Если же вернуться к моему пребыванию в Вар­шаве, то хочу сказать, что меня там поразило яв­ление, которое могло бы стать, на мой взгляд, предметом изучения для психологов и социоло­гов. А именно — антисемитизм без евреев. Быть может, я ошибаюсь, но, по‑моему, это нечто со­вершенно новое в истории не только Польши, но и мира вообще. Да, антисемитизм в большей или меньшей степени существовал с незапамят­ных времен во всех странах еврейской диаспоры. Но в этих странах проживали евреи, составлявшие какой‑то реальный процент от общего числа насе­ления. Что же касается Польши, то три с лишним миллиона евреев, живших там до войны, почти полностью уничтожил Гитлер, а из тех несколь­ких десятков тысяч, которые так или иначе спаслись, подавляющее большинство выжил из страны в 1968 году тогдашний генеральный секретарь поль­ской компартии Гомулка. Отправляясь в Варшаву в 1993 году, я знала из газет, что во всей Польше существует девять еврейских общин, насчитываю­щих в общей сложности две тысячи человек, а это по отношению к численности всего населения (около сорока миллионов) составляет сотые доли процента. Итак, я приезжаю в страну, где евреев можно показывать местным туристам как этниче­ские раритеты, и что вижу? В подземном переходе на перекрестке двух главных улиц Варшавы, Мар­шалковской и Иерусалимских аллей, во всю стену красуется яркая надпись Juden raus!, что значит по‑немецки: “Евреи, убирайтесь вон!” А у входа в Варшавский университет на стене крупными буквами написано, на этот раз по‑польски (слово в слово повторить не могу, но содержание помню), что место евреев в двух метрах под землей, то есть на кладбище.
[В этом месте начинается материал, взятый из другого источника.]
definition periodic_orbit :: "int^'n^'n \<Rightarrow> (real^'n) set \<Rightarrow> bool" where
  "periodic_orbit M Orb \<longleftrightarrow>
     (\<exists>x \<in> torus. \<exists>p::nat. p > 0 \<and> (tmap M ^^ p) x = x \<and>
        Orb = {(tmap M ^^ j) x | j. True})"

definition orbit_period :: "(real^'n) set \<Rightarrow> nat" where
  "orbit_period Orb = card Orb"

definition orbit_dist :: "(real^'n) set \<Rightarrow> real" where
  "orbit_dist Orb = Min {tdist x y | x y. x \<in> Orb \<and> y \<in> Orb \<and> x \<noteq> y}"

text \<open>A sequence of periodic orbits is uniformly distributed if d(O_k)^n T(O_k) \<ge> C > 0
  for all k (so each d(O_k) is defined, i.e. each O_k has at least two points) and
  T(O_k) \<rightarrow> \<infinity>.\<close>
definition unif_distributed :: "int^'n^'n \<Rightarrow> (nat \<Rightarrow> (real^'n) set) \<Rightarrow> bool" where
  "unif_distributed M Orb \<longleftrightarrow>
     (\<forall>k. periodic_orbit M (Orb k) \<and> orbit_period (Orb k) \<ge> 2) \<and>
     (\<exists>C>0. \<forall>k. orbit_dist (Orb k) ^ CARD('n) * real (orbit_period (Orb k)) \<ge> C) \<and>
     filterlim (\<lambda>k. orbit_period (Orb k)) at_top sequentially"

end

theory Submission
  imports Defs
begin

text \<open>A periodic orbit \<open>O\<close> of \<open>B\<close> lifts along the finite-to-one semiconjugacy
  \<open>x \<mapsto> P x mod 1\<close> to a periodic orbit \<open>O'\<close> of \<open>A\<close> mapping onto \<open>O\<close>: the fibre over a
  point of \<open>O\<close> is finite and invariant under \<open>A\<^sup>p\<close> (\<open>p\<close> the period of \<open>O\<close>), so it contains
  an \<open>A\<close>-periodic point. Hence \<open>T(O') \<ge> T(O)\<close>. If \<open>|P v| \<le> K |v|\<close>, two points of \<open>O'\<close> with
  distinct images are at distance at least \<open>d(O)/K\<close>; two distinct points with the same
  image differ by a non-lattice vector that \<open>P\<close> maps into the lattice, so they are at
  distance at least \<open>1/K\<close>. Thus \<open>d(O') \<ge> min(d(O),1)/K\<close> and
  \<open>d(O')\<^sup>n T(O') \<ge> min(C,2)/K\<^sup>n\<close>.\<close>

definition frac_vec :: "real^'n \<Rightarrow> real^'n" where
  "frac_vec x = (\<chi> i. frac (x $ i))"

lemma int_lattice_add: "a \<in> int_lattice \<Longrightarrow> b \<in> int_lattice \<Longrightarrow> a + b \<in> int_lattice"
  by (simp add: int_lattice_def)
definition mvn :: "('b \<Rightarrow> 'b \<Rightarrow> 'b) \<Rightarrow> ('b \<Rightarrow> 'b) \<Rightarrow> nat \<Rightarrow> (nat \<Rightarrow> nat \<Rightarrow> 'b::comm_monoid_add)
    \<Rightarrow> nat \<Rightarrow> (nat \<Rightarrow> nat \<Rightarrow> 'b) \<Rightarrow> bool" where
  "mvn mul st m e n f \<longleftrightarrow>
     (\<exists>v. msupp n m v \<and> mmul mul n (madj st v) v = e \<and> mmul mul m v (madj st v) = f)"

definition dsum :: "nat \<Rightarrow> (nat \<Rightarrow> nat \<Rightarrow> 'b::zero) \<Rightarrow> nat \<Rightarrow> (nat \<Rightarrow> nat \<Rightarrow> 'b) \<Rightarrow> nat \<Rightarrow> nat \<Rightarrow> 'b" where
  "dsum m x n y = (\<lambda>i j. if i < m \<and> j < m then x i j
                         else if m \<le> i \<and> m \<le> j \<and> i < m + n \<and> j < m + n then y (i - m) (j - m)
                         else 0)"

definition elem_mat :: "'b::zero \<Rightarrow> nat \<Rightarrow> nat \<Rightarrow> 'b" where
  "elem_mat a = (\<lambda>i j. if i = 0 \<and> j = 0 then a else 0)"

definition umul :: "(complex \<Rightarrow> 'a::ring \<Rightarrow> 'a) \<Rightarrow> 'a \<times> complex \<Rightarrow> 'a \<times> complex \<Rightarrow> 'a \<times> complex" where
  "umul sc x y = (fst x * fst y + sc (snd x) (fst y) + sc (snd y) (fst x), snd x * snd y)"

definition ustar :: "('a \<Rightarrow> 'a) \<Rightarrow> 'a \<times> complex \<Rightarrow> 'a \<times> complex" where
  "ustar st x = (st (fst x), cnj (snd x))"

definition uemb :: "(nat \<Rightarrow> nat \<Rightarrow> 'a) \<Rightarrow> nat \<Rightarrow> nat \<Rightarrow> 'a \<times> complex" where
  "uemb x = (\<lambda>i j. (x i j, 0))"

text \<open>Elements of P_infinity(A) are pairs (n, e) with e a projection in M_n(A).
 K_0(A) is the kernel of K_0(A~) -> K_0(C), where K_0(A~) is the Grothendieck group of
 D(A~) = P_infinity(A~)/~_0.  For e, f in P_infinity(A):
 [e]_0 = [f]_0 in K_0(A~) iff there is s in P_infinity(A~) with diag(e,s) ~_0 diag(f,s).\<close>
definition K0_eq :: "('a::{banach,real_normed_algebra} \<Rightarrow> 'a) \<Rightarrow> (complex \<Rightarrow> 'a \<Rightarrow> 'a)
    \<Rightarrow> nat \<times> (nat \<Rightarrow> nat \<Rightarrow> 'a) \<Rightarrow> nat \<times> (nat \<Rightarrow> nat \<Rightarrow> 'a) \<Rightarrow> bool" where
  "K0_eq st sc E F \<longleftrightarrow>
     (\<exists>k s. mproj (umul sc) (ustar st) k s \<and>
        mvn (umul sc) (ustar st)
          (fst E + k) (dsum (fst E) (uemb (snd E)) k s)
          (fst F + k) (dsum (fst F) (uemb (snd F)) k s))"

text \<open>[e]_0 <= [f]_0 iff [f]_0 - [e]_0 lies in K_0(A)^+ = {[r]_0 | r in P_infinity(A)},
 i.e. iff [f]_0 = [diag(e,r)]_0 for some r in P_infinity(A).\<close>
definition K0_le :: "('a::{banach,real_normed_algebra} \<Rightarrow> 'a) \<Rightarrow> (complex \<Rightarrow> 'a \<Rightarrow> 'a)
    \<Rightarrow> nat \<times> (nat \<Rightarrow> nat \<Rightarrow> 'a) \<Rightarrow> nat \<times> (nat \<Rightarrow> nat \<Rightarrow> 'a) \<Rightarrow> bool" where
  "K0_le st sc E F \<longleftrightarrow>
     (\<exists>k r. mproj (*) st k r \<and> K0_eq st sc (fst E + k, dsum (fst E) (snd E) k r) F)"

text \<open>s_g(a) for g = [q]_0 in K_0(A)^+, q a projection in M_n(A).\<close>
definition sval :: "('a::{banach,real_normed_algebra} \<Rightarrow> 'a) \<Rightarrow> (complex \<Rightarrow> 'a \<Rightarrow> 'a)
    \<Rightarrow> nat \<times> (nat \<Rightarrow> nat \<Rightarrow> 'a) \<Rightarrow> 'a \<Rightarrow> real" where
  "sval st sc G a = Inf {norm (a - a * p) | p. is_proj st p \<and> K0_le st sc (1, elem_mat p) G}"

end

theory Submission
  imports Defs "HOL-Computational_Algebra.Formal_Power_Series"
begin

text \<open>If \<open>[p]\<^sub>0 \<le> g\<close>, then \<open>p\<close> itself is admissible and \<open>s\<^sub>g(p) = 0\<close>. Otherwise \<open>p \<noteq> 0\<close>,
  since \<open>[0]\<^sub>0 \<le> g\<close>, and the projection \<open>0\<close> gives \<open>s\<^sub>g(p) \<le> \<parallel>p\<parallel> = 1\<close>. Conversely, let \<open>r\<close> be a
  projection with \<open>[r]\<^sub>0 \<le> g\<close> and \<open>\<parallel>p - pr\<parallel> < 1\<close>. Then \<open>prp\<close> is invertible in the corner \<open>pAp\<close>,
  and with its inverse square root \<open>b\<close> (a binomial series) the element \<open>w = rb\<close> is a partial
  isometry with \<open>w\<^sup>*w = p\<close> and \<open>ww\<^sup>* \<le> r\<close>. Hence \<open>diag(p, r - ww\<^sup>*)\<close> is Murray-von Neumann
  equivalent to \<open>r\<close>, so \<open>[p]\<^sub>0 \<le> [r]\<^sub>0 \<le> g\<close>, a contradiction. Thus \<open>s\<^sub>g(p) = 1\<close>.\<close>

section \<open>Matrices over an involutive ring\<close>

locale star_ring =
  fixes mul :: "'b::ab_group_add \<Rightarrow> 'b \<Rightarrow> 'b" and star :: "'b \<Rightarrow> 'b"
  assumes mul_assoc: "mul (mul a b) c = mul a (mul b c)"
    and distrib_right: "mul (a + b) c = mul a c + mul b c"
    and distrib_left: "mul a (b + c) = mul a b + mul a c"
    and star_add: "star (a + b) = star a + star b"
    and star_mul: "star (mul a b) = mul (star b) (star a)"
    and star_star [simp]: "star (star a) = a"
begin

lemma mul_zero_left [simp]: "mul 0 a = 0"
  using distrib_right[of 0 0 a] by simp

lemma mul_zero_right [simp]: "mul a 0 = 0"
  using distrib_left[of a 0 0] by simp

lemma star_zero [simp]: "star 0 = 0"
  using star_add[of 0 0] by simp

lemma sum_mul: "mul (\<Sum>i\<in>I. f i) c = (\<Sum>i\<in>I. mul (f i) c)"
  by (induction I rule: infinite_finite_induct) (auto simp: distrib_right)

lemma mul_sum: "mul c (\<Sum>i\<in>I. f i) = (\<Sum>i\<in>I. mul c (f i))"
  by (induction I rule: infinite_finite_induct) (auto simp: distrib_left)

lemma star_sum: "star (\<Sum>i\<in>I. f i) = (\<Sum>i\<in>I. star (f i))"
  by (induction I rule: infinite_finite_induct) (auto simp: star_add)

lemma mmul_assoc: "mmul mul k (mmul mul l x y) z = mmul mul l x (mmul mul k y z)"
proof (intro ext)
  fix i j
  have "mmul mul k (mmul mul l x y) z i j = (\<Sum>a<k. \<Sum>b<l. mul (mul (x i b) (y b a)) (z a j))"
    by (simp add: mmul_def sum_mul)
  also have "\<dots> = (\<Sum>b<l. \<Sum>a<k. mul (x i b) (mul (y b a) (z a j)))"
    by (subst sum.swap) (simp add: mul_assoc)
  also have "\<dots> = mmul mul l x (mmul mul k y z) i j"
    by (simp add: mmul_def mul_sum)
  finally show "mmul mul k (mmul mul l x y) z i j = mmul mul l x (mmul mul k y z) i j" .
qed

lemma madj_mmul: "madj star (mmul mul k x y) = mmul mul k (madj star y) (madj star x)"
  by (simp add: madj_def mmul_def star_sum star_mul)

lemma msupp_mmul: "msupp a b x \<Longrightarrow> msupp b c y \<Longrightarrow> msupp a c (mmul mul k x y)"
  by (auto simp: msupp_def mmul_def)

lemma msupp_madj: "msupp a b x \<Longrightarrow> msupp b a (madj star x)"
  by (auto simp: msupp_def madj_def star_add)

end

lemma sum_lessThan_add: "(\<Sum>i<m + n. f i) = (\<Sum>i<m. f i) + (\<Sum>i<n. f (m + i))" for m n :: nat
  by (induction n) (auto simp: add.assoc)

lemma nat_three_ranges:
  fixes i l m :: nat
  obtains "i < l" | a where "i = l + a" "a < m" | a where "i = l + m + a"
  by (metis add.assoc le_add_diff_inverse not_less)

lemma dsum_assoc: "dsum l x (m + n) (dsum m y n z) = dsum (l + m) (dsum l x m y) n z"
proof (intro ext)
  fix i j
  show "dsum l x (m + n) (dsum m y n z) i j = dsum (l + m) (dsum l x m y) n z i j"
    by (rule nat_three_ranges[where i = i and l = l and m = m];
        rule nat_three_ranges[where i = j and l = l and m = m])
      (simp_all add: dsum_def)
qed

lemma dsum_0_left: "msupp n n y \<Longrightarrow> dsum 0 x n y = y"
  by (auto simp: dsum_def msupp_def fun_eq_iff)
Я была этим потрясена и совершенно убита, и с тех пор у меня нет никакого желания по­сещать страну моего детства".

Об антисемитизме пишет в своих мемуарах "А у нас во дворе" поэт Лариса Миллер. Ее книга начинается с описания послевоенной Москвы, с дома №10 по Большой Полянке, где маленькая Лариса жила с мамой, бабушкой и дедом в большой коммуналке на первом этаже.

 title=

Лирические и ностальгические воспоминания о безоблачном детстве прерываются рассказом о том, каково это - впервые почувствовать, как почва уходит из-под ног:

"“Отойди от нас. Ты еврейка”, — сказала мне самая старшая из дворовых подружек. “А что это такое?” — спросила я. “Евреи — это те, у кого черные волосы. Евреи нехорошие. Помнишь, ты меня пихнула, когда у меня нога болела?” Я не помнила, но мозг лихорадочно работал: “Еврейка, черные волосы, пихнула”. Надо пойти домой и спросить. “Не слушай ее, — говорила бабушка. — Она глупая девчонка”. Но как не слушать, когда за мной бегают по двору и кричат: “Сколько время, два еврея, третий жид по веревочке бежит. Веревочка лопнула и жида прихлопнула”.

Вот когда я впервые поняла, что у меня нет защиты. Мне казалось, что, будь у меня отец, путь даже такой больной, вечно кашляющий, как у соседки Верочки, все было бы иначе. А что могут сделать с ватагой орущих ребят мама, бабушка и тихоголосый дед. Да их самих легко обидеть".

В воспоминаниях Миллер хватает таких внезапных отступлений. В гладкое повествование о хорошей жизни, влюбленностях, взрослении, вторгаются истории с совсем другой тональностью: война, предательства, антисемитизм, одни изгнанники, угрожающие другим, работавшим на целине, смерти близких. Миллер смогла описать жизнь именно такой, какая она и есть, со всеми ее ухабами и крутыми поворотами. А еще это очень атмосферная книга. Читая ее, буквально погружаешься в то время. так глубоко, что кажется, будто даже начинаешь улавливать запахи.